**Work instruction:** Write out exactly, please, the lines from the one containing "f has_real_derivative g')" to the end of the material.

++++ Material provided ++++

(* Let $\kappa>0$, let $x_1=x_1(\kappa)$ be a real differentiable function of $\kappa$, let $a\neq0$, $b$ be real constants, and set $$\Theta=\kappa(x+x_1+4\kappa^2t),\qquad \gamma=x+x_1+\kappa\,\frac{d x_1}{d\kappa}+(12\kappa^2+2a)t+2b .$$ Then, on the set where $2\kappa\gamma-\sin2\Theta\neq0$, the functions $$u=2\partial_x^2\ln(2\kappa\gamma-\sin2\Theta)=\frac{32\kappa^2\sin\Theta(\kappa\gamma\cos\Theta-\sin\Theta)}{(2\kappa\gamma-\sin2\Theta)^2},\qquad \varphi_1=\frac{4\kappa\sqrt a\,\sin\Theta}{2\kappa\gamma-\sin2\Theta}$$ solve the KdV equation with one self-consistent source $$u_t+6uu_x+u_{xxx}+4\varphi_1\varphi_{1,x}=0,\qquad \varphi_{1,xx}+(\kappa^2+u)\varphi_1=0$$ (here $\lambda_1=\kappa^2$ and $\sqrt a$ is any fixed square root of $a$).
   Context: This is the solution obtained from the generalized binary Darboux transformation applied to $u=0$ with $f=\sin\Theta$ (a solution of $f_{xx}+\kappa^2f=0$, $f_t=4\kappa^2 f_x$) and $e(t)=at+b$. *)

theory Defs
  imports "HOL-Analysis.Analysis"
begin

definition Theta :: "real \<Rightarrow> (real \<Rightarrow> real) \<Rightarrow> real \<Rightarrow> real \<Rightarrow> real" where
  "Theta k x1 x t = k * (x + x1 k + 4 * k^2 * t)"

definition gam :: "real \<Rightarrow> (real \<Rightarrow> real) \<Rightarrow> real \<Rightarrow> real \<Rightarrow> real \<Rightarrow> real \<Rightarrow> real" where
  "gam k x1 a b x t = x + x1 k + k * deriv x1 k + (12 * k^2 + 2 * a) * t + 2 * b"

definition Den :: "real \<Rightarrow> (real \<Rightarrow> real) \<Rightarrow> real \<Rightarrow> real \<Rightarrow> real \<Rightarrow> real \<Rightarrow> real" where
  "Den k x1 a b x t = 2 * k * gam k x1 a b x t - sin (2 * Theta k x1 x t)"

definition kdv_u :: "real \<Rightarrow> (real \<Rightarrow> real) \<Rightarrow> real \<Rightarrow> real \<Rightarrow> real \<Rightarrow> real \<Rightarrow> real" where
  "kdv_u k x1 a b x t =
     32 * k^2 * sin (Theta k x1 x t) *
       (k * gam k x1 a b x t * cos (Theta k x1 x t) - sin (Theta k x1 x t))
     / (Den k x1 a b x t)^2"

text \<open>phi_1, with sa a fixed (complex) square root of a.\<close>
definition kdv_phi :: "real \<Rightarrow> (real \<Rightarrow> real) \<Rightarrow> real \<Rightarrow> real \<Rightarrow> complex \<Rightarrow> real \<Rightarrow> real \<Rightarrow> complex" where
  "kdv_phi k x1 a b sa x t =
     of_real (4 * k) * sa * of_real (sin (Theta k x1 x t)) / of_real (Den k x1 a b x t)"

end

theory Submission
  imports Defs
begin

(* Write f = 2 k gamma - sin (2 Theta) for the denominator and h = 4 k sin Theta, so that
   u = 2 (ln f)_xx and phi_1 = sqrt a * h / f.  The x-derivatives of f of order at least two are
   those of -sin (2 Theta), f_x = 4 k sin^2 Theta, and f obeys the linear evolution
   f_t + f_xxx = C with C = 24 k^3 + 4 k a.  Given this evolution, a direct computation gives
     u_t + 6 u u_x + u_xxx + 4 phi_1 phi_1,x = 2 (B / f^2)_x,  B = 3 f_xx^2 - 3 f_x f_xxx - C f_x + a h^2,
     phi_1,xx + (k^2 + u) phi_1 = sqrt a ((h_xx + k^2 h) / f + (h f_xx - 2 f_x h_x) / f^2),
   the Hirota bilinear form of the KdV equation with a self-consistent source.  By the double-angle
   formulas B vanishes identically, and so do h_xx + k^2 h and h f_xx - 2 f_x h_x. *)

section \<open>Derivatives of logarithms and quotients\<close>

(* log_deriv n takes the values f, f', ..., f^(n) and returns the n-th derivative of ln |f|. *)

definition log_deriv1 :: "real \<Rightarrow> real \<Rightarrow> real" where
  "log_deriv1 f Df = Df / f"

definition log_deriv2 :: "real \<Rightarrow> real \<Rightarrow> real \<Rightarrow> real" where
  "log_deriv2 f Df D2f = (f * D2f - Df^2) / f^2"

definition log_deriv3 :: "real \<Rightarrow> real \<Rightarrow> real \<Rightarrow> real \<Rightarrow> real" where
  "log_deriv3 f Df D2f D3f = (f^2 * D3f - 3 * f * Df * D2f + 2 * Df^3) / f^3"

definition log_deriv4 :: "real \<Rightarrow> real \<Rightarrow> real \<Rightarrow> real \<Rightarrow> real \<Rightarrow> real" where
  "log_deriv4 f Df D2f D3f D4f =
     (f^3 * D4f - 4 * f^2 * Df * D3f - 3 * f^2 * D2f^2 + 12 * f * Df^2 * D2f - 6 * Df^4) / f^4"

definition log_deriv5 :: "real \<Rightarrow> real \<Rightarrow> real \<Rightarrow> real \<Rightarrow> real \<Rightarrow> real \<Rightarrow> real" where
  "log_deriv5 f Df D2f D3f D4f D5f =
     (f^4 * D5f - 5 * f^3 * Df * D4f - 10 * f^3 * D2f * D3f + 20 * f^2 * Df^2 * D3f
      + 30 * f^2 * Df * D2f^2 - 60 * f * Df^3 * D2f + 24 * Df^5) / f^5"

lemmas power_unfold = power2_eq_square power3_eq_cube power4_eq_xxxx power_numeral_reduce

lemma DERIV_ln_abs:
  assumes "(f has_real_derivative f') (at y)" "f y \<noteq> 0"
  shows "((\<lambda>z. ln \<bar>f z\<bar>) has_real_derivative log_deriv1 (f y) f') (at y)"
proof -
  have ln_abs: "ln \<bar>f z\<bar> = ln ((f z)^2) / 2" for z
  proof (cases "f z = 0")
    case False
    then have "ln (\<bar>f z\<bar>^2) = 2 * ln \<bar>f z\<bar>"
      by (subst ln_realpow) auto
    then show ?thesis
      by simp
  qed simp
  have "((\<lambda>z. ln ((f z)^2) / 2) has_real_derivative log_deriv1 (f y) f') (at y)"
    using assms unfolding log_deriv1_def
    by (auto intro!: derivative_eq_intros simp: field_simps simp flip: power2_eq_square)
  then show ?thesis
    unfolding ln_abs .
qed

lemma DERIV_log_deriv1:
  assumes "(f has_real_derivative Df y) (at y)" "(Df has_real_derivative D2f y) (at y)" "f y \<noteq> 0"
  shows "((\<lambda>y. log_deriv1 (f y) (Df y)) has_real_derivative log_deriv2 (f y) (Df y) (D2f y)) (at y)"
  unfolding log_deriv1_def log_deriv2_def
  by (rule derivative_eq_intros assms refl)+ (use assms(3) in \<open>simp_all add: field_simps power2_eq_square\<close>)

lemma DERIV_log_deriv2_general:
  assumes "(f has_real_derivative f_t) (at y)" "(Df has_real_derivative Df_t) (at y)"
    and "(D2f has_real_derivative D2f_t) (at y)" "f y \<noteq> 0"
  shows "((\<lambda>y. log_deriv2 (f y) (Df y) (D2f y)) has_real_derivative
           (f y * D2f_t + f_t * D2f y - 2 * Df y * Df_t) / (f y)^2 - 2 * f_t * log_deriv2 (f y) (Df y) (D2f y) / f y)
         (at y)"
  unfolding log_deriv2_def
  apply (rule derivative_eq_intros assms refl)+
  using assms(4) apply (simp_all add: field_simps)
  apply (simp add: algebra_simps power_unfold)
  done

lemma DERIV_log_deriv2:
  assumes "(f has_real_derivative Df y) (at y)" "(Df has_real_derivative D2f y) (at y)"
    and "(D2f has_real_derivative D3f y) (at y)" "f y \<noteq> 0"
  shows "((\<lambda>y. log_deriv2 (f y) (Df y) (D2f y)) has_real_derivative
           log_deriv3 (f y) (Df y) (D2f y) (D3f y)) (at y)"
  unfolding log_deriv2_def log_deriv3_def
  apply (rule derivative_eq_intros assms refl)+
  using assms(4) apply (simp_all add: field_simps)
  apply (simp add: algebra_simps power_unfold)
  done

lemma DERIV_log_deriv3:
  assumes "(f has_real_derivative Df y) (at y)" "(Df has_real_derivative D2f y) (at y)"
    and "(D2f has_real_derivative D3f y) (at y)" "(D3f has_real_derivative D4f y) (at y)"
    and "f y \<noteq> 0"
  shows "((\<lambda>y. log_deriv3 (f y) (Df y) (D2f y) (D3f y)) has_real_derivative
           log_deriv4 (f y) (Df y) (D2f y) (D3f y) (D4f y)) (at y)"
  unfolding log_deriv3_def log_deriv4_def
  apply (rule derivative_eq_intros assms refl)+
  using assms(5) apply (simp_all add: field_simps)
  apply (simp add: algebra_simps power_unfold)
  done

lemma DERIV_log_deriv4:
  assumes "(f has_real_derivative Df y) (at y)" "(Df has_real_derivative D2f y) (at y)"
    and "(D2f has_real_derivative D3f y) (at y)" "(D3f has_real_derivative D4f y) (at y)"
    and "(D4f has_real_derivative D5f y) (at y)" "f y \<noteq> 0"
  shows "((\<lambda>y. log_deriv4 (f y) (Df y) (D2f y) (D3f y) (D4f y)) has_real_derivative
           log_deriv5 (f y) (Df y) (D2f y) (D3f y) (D4f y) (D5f y)) (at y)"
  unfolding log_deriv4_def log_deriv5_def
  apply (rule derivative_eq_intros assms refl)+
  using assms(6) apply (simp_all add: field_simps)
  apply (simp add: algebra_simps power_unfold)
  done

lemma DERIV_deriv_on_open:
  fixes f g :: "real \<Rightarrow> real"
  assumes "open S" "y \<in> S" "\<And>z. z \<in> S \<Longrightarrow> (f has_real_derivative g z) (at z)"
    and "(g has_real_derivative g') (at y)"
  shows "(deriv f has_real_derivative g') (at y)"
  using assms(4,1,2) by (rule has_field_derivative_transform_within_open) (metis DERIV_imp_deriv assms(3))

lemma deriv_deriv_ln_abs:
  assumes "open S" "x \<in> S" "\<And>y. y \<in> S \<Longrightarrow> f y \<noteq> 0"
    and "\<And>y. y \<in> S \<Longrightarrow> (f has_real_derivative Df y) (at y)"
    and "\<And>y. y \<in> S \<Longrightarrow> (Df has_real_derivative D2f y) (at y)"
  shows "deriv (deriv (\<lambda>y. ln \<bar>f y\<bar>)) x = log_deriv2 (f x) (Df x) (D2f x)"
proof -
  have "(deriv (\<lambda>y. ln \<bar>f y\<bar>) has_real_derivative log_deriv2 (f x) (Df x) (D2f x)) (at x)"
    using assms
    by (intro DERIV_deriv_on_open[of S x _ "\<lambda>y. log_deriv1 (f y) (Df y)"] DERIV_ln_abs DERIV_log_deriv1) auto
  then show ?thesis
    by (rule DERIV_imp_deriv)
qed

++++

**Answer space:**
  shows "(deriv f has_real_derivative g') (at y)"
  using assms(4,1,2) by (rule has_field_derivative_transform_within_open) (metis DERIV_imp_deriv assms(3))

lemma deriv_deriv_ln_abs:
  assumes "open S" "x \<in> S" "\<And>y. y \<in> S \<Longrightarrow> f y \<noteq> 0"
    and "\<And>y. y \<in> S \<Longrightarrow> (f has_real_derivative Df y) (at y)"
    and "\<And>y. y \<in> S \<Longrightarrow> (Df has_real_derivative D2f y) (at y)"
  shows "deriv (deriv (\<lambda>y. ln \<bar>f y\<bar>)) x = log_deriv2 (f x) (Df x) (D2f x)"
proof -
  have "(deriv (\<lambda>y. ln \<bar>f y\<bar>) has_real_derivative log_deriv2 (f x) (Df x) (D2f x)) (at x)"
    using assms
    by (intro DERIV_deriv_on_open[of S x _ "\<lambda>y. log_deriv1 (f y) (Df y)"] DERIV_ln_abs DERIV_log_deriv1) auto
  then show ?thesis
    by (rule DERIV_imp_deriv)
qed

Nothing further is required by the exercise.